Sugimoto Sadamu, Shimizu Misako, Takebe Mariko, Matsuura Kousou, Takazawa Tomonori
Department of Anesthesiology, University of Toyama, , 2630 Sugitani, Toyama, Toyama, 930-0194, Japan.
Department of Anesthesiology, Toyama City Hospital, 2-1 Hokubu-Cho, Toyama, Toyama, 939-8511, Japan.
JA Clin Rep. 2025 Aug 23;11(1):46. doi: 10.1186/s40981-025-00809-5.
Posterior reversible encephalopathy syndrome (PRES) often presents with a wide range of neurological symptoms, and atypical manifestations can complicate its diagnosis. We report a rare case of peripartum PRES presenting with profound transient retrograde amnesia and orofacial automatisms, notably in the absence of generalized seizures.
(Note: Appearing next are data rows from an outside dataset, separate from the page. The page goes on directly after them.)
lemma dual_lattice_parallel_ratio:
  fixes G :: "(real^'n) set"
  assumes G: "full_lattice G" and u: "u \<in> dual_lattice G" and v: "v \<in> dual_lattice G"
    and v0: "v \<noteq> 0" and r: "u = r *\<^sub>R v"
  obtains p q :: int where "q \<noteq> 0" "coprime q p" "r * of_int q = of_int p"
proof -
  obtain b :: "'n \<Rightarrow> real^'n" where b: "\<And>y. (\<forall>k. y \<bullet> b k = 0) \<Longrightarrow> y = 0"
    "\<And>y. y \<in> dual_lattice G \<longleftrightarrow> (\<forall>k. y \<bullet> b k \<in> \<int>)"
    using full_lattice_obtains_basis[OF G] by metis
  obtain k where k: "v \<bullet> b k \<noteq> 0"
    using b(1) v0 by blast
  obtain a where a: "v \<bullet> b k = of_int a"
    using v b(2) by (metis Ints_cases)
  obtain c where c: "u \<bullet> b k = of_int c"
    using u b(2) by (metis Ints_cases)
  have a0: "a \<noteq> 0"
    using a k by simp
  define d where "d = gcd a c"
  define q where "q = a div d"
  define p where "p = c div d"
  have d0: "d \<noteq> 0"
    using a0 unfolding d_def by simp
  have aq: "a = q * d" and cp: "c = p * d"
    unfolding q_def p_def d_def by simp_all
  have "q \<noteq> 0"
    using a0 aq by auto
  moreover have "coprime q p"
    unfolding q_def p_def d_def using div_gcd_coprime a0 by blast
  moreover have "r * of_int q = of_int p"
  proof -
    have "of_int c = r * of_int a"
      using c a r by (simp add: inner_scaleR_left)
    then show ?thesis
      using d0 unfolding aq cp by simp
  qed
  ultimately show ?thesis
    using that by blast
qed

lemma dual_lattice_parallel_common_divisor:
  fixes G :: "(real^'n) set"
  assumes G: "full_lattice G" and u: "u \<in> dual_lattice G" and v: "v \<in> dual_lattice G"
    and v0: "v \<noteq> 0" and r: "u = r *\<^sub>R v" and r0: "r \<noteq> 0"
  obtains x0 and p q :: int
  where "x0 \<in> dual_lattice G" "p \<noteq> 0" "q \<noteq> 0" "v = of_int q *\<^sub>R x0" "u = of_int p *\<^sub>R x0"
proof -
  obtain p q :: int where q0: "q \<noteq> 0" and coprime: "coprime q p" and rqp: "r * of_int q = of_int p"
    using dual_lattice_parallel_ratio[OF G u v v0 r] .
  obtain b :: "'n \<Rightarrow> real^'n" where b: "\<And>y. y \<in> dual_lattice G \<longleftrightarrow> (\<forall>k. y \<bullet> b k \<in> \<int>)"
    using full_lattice_obtains_basis[OF G] by metis
  define x0 where "x0 = (1 / of_int q) *\<^sub>R v"
  have "x0 \<in> dual_lattice G"
    unfolding b
  proof
    fix k
    obtain A where A: "v \<bullet> b k = of_int A"
      using v b by (metis Ints_cases)
    obtain B where B: "u \<bullet> b k = of_int B"
      using u b by (metis Ints_cases)
    have "of_int B = r * of_int A"
      using A B r by (simp add: inner_scaleR_left)
    then have "of_int (q * B) = (of_int (p * A) :: real)"
      using rqp by (simp add: algebra_simps)
    then have "q dvd p * A"
      by (metis dvd_triv_left of_int_eq_iff)
    then obtain A' where "A = q * A'"
      using coprime by (metis coprime_dvd_mult_right_iff dvdE)
    then have "x0 \<bullet> b k = of_int A'"
      unfolding x0_def using A q0 by (simp add: inner_scaleR_left)
    then show "x0 \<bullet> b k \<in> \<int>"
      by simp
  qed
  moreover have "p \<noteq> 0"
    using rqp r0 q0 by auto
  moreover have "v = of_int q *\<^sub>R x0" "u = of_int p *\<^sub>R x0"
    unfolding x0_def r using q0 rqp[symmetric] by (simp_all add: field_simps)
  ultimately show ?thesis
    using that q0 by blast
qed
A 29-year-old primigravida developed sustained hypertension during labor. Immediately postpartum, she experienced visual disturbances, followed by altered consciousness and lip-smacking movements. She subsequently developed profound but transient retrograde amnesia, including loss of autobiographical memory. Brain magnetic resonance imaging (MRI) revealed characteristic findings of PRES in the bilateral parieto-occipital lobes, leading to a diagnosis of PRES secondary to preeclampsia.
This case highlights that peripartum PRES can present with atypical neurological symptoms, such as transient global amnesia and facial automatisms, even in the absence of typical eclamptic seizures. Such presentations warrant a high index of suspicion and prompt brain MRI to ensure accurate diagnosis and timely intervention.
后部可逆性脑病综合征(PRES)常表现出广泛的神经症状,非典型表现会使其诊断复杂化。我们报告一例罕见的围产期PRES病例,表现为严重的短暂性逆行性遗忘和口面部自动症,尤其是在无全身性癫痫发作的情况下。
一名29岁初产妇在分娩期间出现持续性高血压。产后立即出现视觉障碍,随后意识改变和咂嘴动作。随后她出现严重但短暂的逆行性遗忘,包括自传体记忆丧失。脑部磁共振成像(MRI)显示双侧顶枕叶有PRES的特征性表现,诊断为子痫前期继发PRES。
该病例突出表明,围产期PRES即使在无典型子痫发作的情况下,也可表现为非典型神经症状,如短暂性全面性遗忘和面部自动症。此类表现需要高度怀疑并及时进行脑部MRI检查,以确保准确诊断和及时干预。